**Conservation of angular momentum**

From Newton’s first law for angular motion we know that change of angular velocity i.e., angular momentum occurs due to the action of external torque only. If there is no torque, the body will rotate in uniform angular velocity. That means angular velocity with respect to time becomes constant. Hence, angular momentum also becomes constant. This is called conservation principle of angular momentum. So it can be said that if resultant of the torque on a body is zero, the angular momentum remains conserved.

Mathematical proof: We know angular momentum, **L = Iω** … … … (1)

Here L is the angular momentum of the body, ‘I’ is the moment of inertia and ω is the angular velocity. Differentiating equation (1) with respect to time,

**dL/dt = d/dt (Iω) = I dω/dt**

But, **dω/dt = α**

so, **dL/dt = Iα = τ** (according to Newton’s second law of Angular motion)

Now, τ = 0, i.e., if torque is not active on the body.

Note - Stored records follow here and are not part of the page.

text \<open>The chosen candidate scores at least k M / 2 with respect to the sub-budgets, so per unit
  of utility the subprofile pays at most 2 K / M.\<close>

lemma sub_budget_loss:
  assumes S: "\<forall>r\<in>rankings C. 0 \<le> S r \<and> S r \<le> R r"
    and b_le: "\<forall>r\<in>rankings C. b r \<le> K * R r" and "0 \<le> K"
  defines "M \<equiv> psize C (sub_budget R S b)"
    and "M' \<equiv> psize C (sub_budget R S (\<lambda>r. b r - spend C (real (card X) - 1) b x X r))"
  shows "(M - M') * M \<le> 2 * K * (\<Sum>r\<in>rankings C. S r * real (uX r x X))"
proof -
  let ?k = "real (card X) - 1" and ?U = "UX C b x X"
  let ?g = "\<Sum>r\<in>rankings C. S r * real (uX r x X)"
  have w: "0 \<le> sub_budget R S b r \<and> sub_budget R S b r \<le> b r"
    if "r \<in> rankings C" for r
    using sub_budget_bounds[of S r R b K] S b_nonneg b_le that by auto
  have "M * ?k / 2 \<le> ?U"
    unfolding M_def by (rule UX_max_ge_average[OF finite_X X_sub x_in _ x_max]) (use w in auto)
  then have ratio: "?k / ?U * M \<le> 2"
    using UX_nonneg[OF b_nonneg, of x X] by (cases "?U = 0") (auto simp: field_simps)
  have "0 \<le> M" unfolding M_def psize_def using w by (intro sum_nonneg) auto
  have "0 \<le> ?g" using S by (intro sum_nonneg) auto
  have "M - M' \<le> ?k / ?U * K * ?g"
    unfolding M_def M'_def by (rule sub_budget_decrease[OF S b_le])
  then have "(M - M') * M \<le> (?k / ?U * K * ?g) * M"
    using \<open>0 \<le> M\<close> by (rule mult_right_mono)
  also have "\<dots> = (?k / ?U * M) * (K * ?g)" by (simp add: mult_ac)
  also have "\<dots> \<le> 2 * (K * ?g)"
    using ratio \<open>0 \<le> K\<close> \<open>0 \<le> ?g\<close> by (intro mult_right_mono) auto
  finally show ?thesis by (simp add: mult_ac)
qed

end

lemma psb_run_sub_budget_bound:
  assumes "finite C" and sub: "is_subprofile C R S" and "0 \<le> K"
  shows "psb_run C b i X t \<Longrightarrow> X \<subseteq> C \<Longrightarrow> card X + i = card C + 1
    \<Longrightarrow> \<forall>r\<in>rankings C. 0 \<le> b r \<and> b r \<le> K * R r
    \<Longrightarrow> psize C b \<le> budget_bound (card X)
    \<Longrightarrow> (psize C (sub_budget R S b))^2 - 3 / 4 * K * psize C S
        \<le> 4 * K * (\<Sum>r\<in>rankings C. S r * real (agree X r t))"
proof (induction t arbitrary: b i X)
  case Nil
  let ?M = "psize C (sub_budget R S b)"
  have "0 \<le> ?M" "?M \<le> psize C b" "?M \<le> K * psize C S"
    using psize_sub_budget_bounds[OF sub Nil.prems(4)] by auto
  moreover have "psize C b \<le> 3 / 4" using Nil.prems(1,5) by (simp add: budget_bound_def)
  ultimately have "?M * ?M \<le> 3 / 4 * (K * psize C S)"
    by (meson mult_mono order.trans)
  then show ?case using Nil.prems(1) by (simp add: power2_eq_square)
next
  case (Cons x xs)
  let ?k = "real (card X) - 1"
  let ?b' = "\<lambda>r. b r - spend C ?k b x X r"
  let ?M = "psize C (sub_budget R S b)" and ?M' = "psize C (sub_budget R S ?b')"
  have x_in: "x \<in> X" and x_max: "\<forall>y\<in>X. UX C b y X \<le> UX C b x X"
    and run: "psb_run C ?b' (Suc i) (X - {x}) xs"
    using psb_run_Cons_spend[OF Cons.prems(1,3)] by auto
  have finite_X: "finite X" using Cons.prems(2) \<open>finite C\<close> finite_subset by blast
  have b_nonneg: "\<forall>r\<in>rankings C. 0 \<le> b r" using Cons.prems(4) by auto
  have S: "\<forall>r\<in>rankings C. 0 \<le> S r \<and> S r \<le> R r" using sub by (simp add: is_subprofile_def)
  have card_X: "card (X - {x}) = card X - 1" and "1 \<le> card X"
    using finite_X x_in by (auto simp: Suc_le_eq card_gt_0_iff)
  have IH: "?M'^2 - 3 / 4 * K * psize C S
      \<le> 4 * K * (\<Sum>r\<in>rankings C. S r * real (agree (X - {x}) r xs))"
  proof (rule Cons.IH[OF run])
    show "X - {x} \<subseteq> C" "card (X - {x}) + Suc i = card C + 1"
      using Cons.prems(2,3) card_X \<open>1 \<le> card X\<close> by auto
    show "\<forall>r\<in>rankings C. 0 \<le> ?b' r \<and> ?b' r \<le> K * R r"
      by (rule budget_bounds_after_round[OF finite_X Cons.prems(2) x_in b_nonneg x_max])
        (use Cons.prems(4) in auto)
    show "psize C ?b' \<le> budget_bound (card (X - {x}))"
      using budget_after_round[OF finite_X Cons.prems(2) x_in b_nonneg x_max Cons.prems(5)] card_X
      by simp
  qed
  have loss: "(?M - ?M') * ?M \<le> 2 * K * (\<Sum>r\<in>rankings C. S r * real (uX r x X))"
    using sub_budget_loss[OF finite_X Cons.prems(2) x_in b_nonneg x_max S _ \<open>0 \<le> K\<close>] Cons.prems(4)
    by auto
  have "?M^2 - ?M'^2 = 2 * ((?M - ?M') * ?M) - (?M - ?M')^2"
    by (simp add: power2_eq_square algebra_simps)
  then have "?M^2 - ?M'^2 \<le> 2 * ((?M - ?M') * ?M)" by simp
  moreover have "agree X r (x # xs) = uX r x X + agree (X - {x}) r xs" for r
  proof -
    have "distinct xs" "set xs = X - {x}" using psb_run_distinct_set[OF run] by auto
    then show ?thesis using agree_Cons[of x xs r] x_in by (simp add: insert_absorb)
  qed
  ultimately show ?case
    using IH loss by (simp add: sum.distrib distrib_left)
qed

lemma potential_bound_imp_average_bound:
  fixes K s A :: real
  assumes "0 \<le> K" "0 < s" "0 \<le> A" "(K * s)^2 - 3 / 4 * K * s \<le> 4 * K * A"
  shows "K * s / 4 - 3 / 16 \<le> A / s"
proof (cases "K = 0")
  case True
  have "0 \<le> A / s" using assms(2,3) by simp
  then show ?thesis using True by simp
next
  case False
  then have "K * (K * s * s) \<le> K * (4 * A + 3 / 4 * s)"
    using assms(4) by (simp add: power2_eq_square algebra_simps)
  then have "K * s * s \<le> 4 * A + 3 / 4 * s" using False assms(1) by simp
  then show ?thesis using assms(2) by (simp add: field_simps)
qed

theorem mainTheorem5:
  fixes C :: "'a set" and R S :: "'a list \<Rightarrow> real" and t :: "'a list"
  assumes "finite C"
    and "is_profile C R"
    and "psb_outcome C R t"
    and "is_subprofile C R S"
    and "psize C S > 0"
  shows "(1 / psize C S) * (\<Sum>r\<in>rankings C. S r * real (agree C r t))
           \<ge> real (card C choose 2) * psize C S / 4 - 3 / 16"
proof -
  let ?K = "real (card C choose 2)"
  have R: "\<forall>r\<in>rankings C. 0 \<le> R r" "psize C R = 1"
    using assms(2) by (auto simp: is_profile_def psize_def)
  then have "psize C (\<lambda>r. R r * ?K) \<le> budget_bound (card C)"
    using choose_two_le_budget_bound by (simp add: psize_def sum_distrib_right[symmetric])
  then have "(psize C (sub_budget R S (\<lambda>r. R r * ?K)))^2 - 3 / 4 * ?K * psize C S
      \<le> 4 * ?K * (\<Sum>r\<in>rankings C. S r * real (agree C r t))"
    by (intro psb_run_sub_budget_bound[OF assms(1,4)])
      (use assms(3) R(1) in \<open>auto simp: psb_outcome_def\<close>)
  then have "(?K * psize C S)^2 - 3 / 4 * ?K * psize C S
      \<le> 4 * ?K * (\<Sum>r\<in>rankings C. S r * real (agree C r t))"
    unfolding psize_sub_budget_initial[OF assms(4)] .
  moreover have "0 \<le> (\<Sum>r\<in>rankings C. S r * real (agree C r t))"
    using assms(4) by (intro sum_nonneg) (auto simp: is_subprofile_def)
  ultimately show ?thesis
    using potential_bound_imp_average_bound[OF _ assms(5)] by simp
qed

end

then, **dL/dt = 0; L = constant.**

Hence, *if the resultant torque acting on a body is zero, there will not be any change of angular momentum. This is the conservation principle of angular momentum.*

**Example:** You have seen **trafiz game** in the circus. Their players demonstrate many exercises in air. While pumping from a swinging pad the hands and feet of the player remain stretched. At this time his angular velocity is minimum. Now when hands and feet are folded and brought near to the chest, the angular velocity increases; so, it becomes easier for him to somersault in air successively. Due to folding of hands and feet moment of inertia (I) of the player becomes less, but as his angular momentum L = lω remains constant so his angular velocity increases [Figure].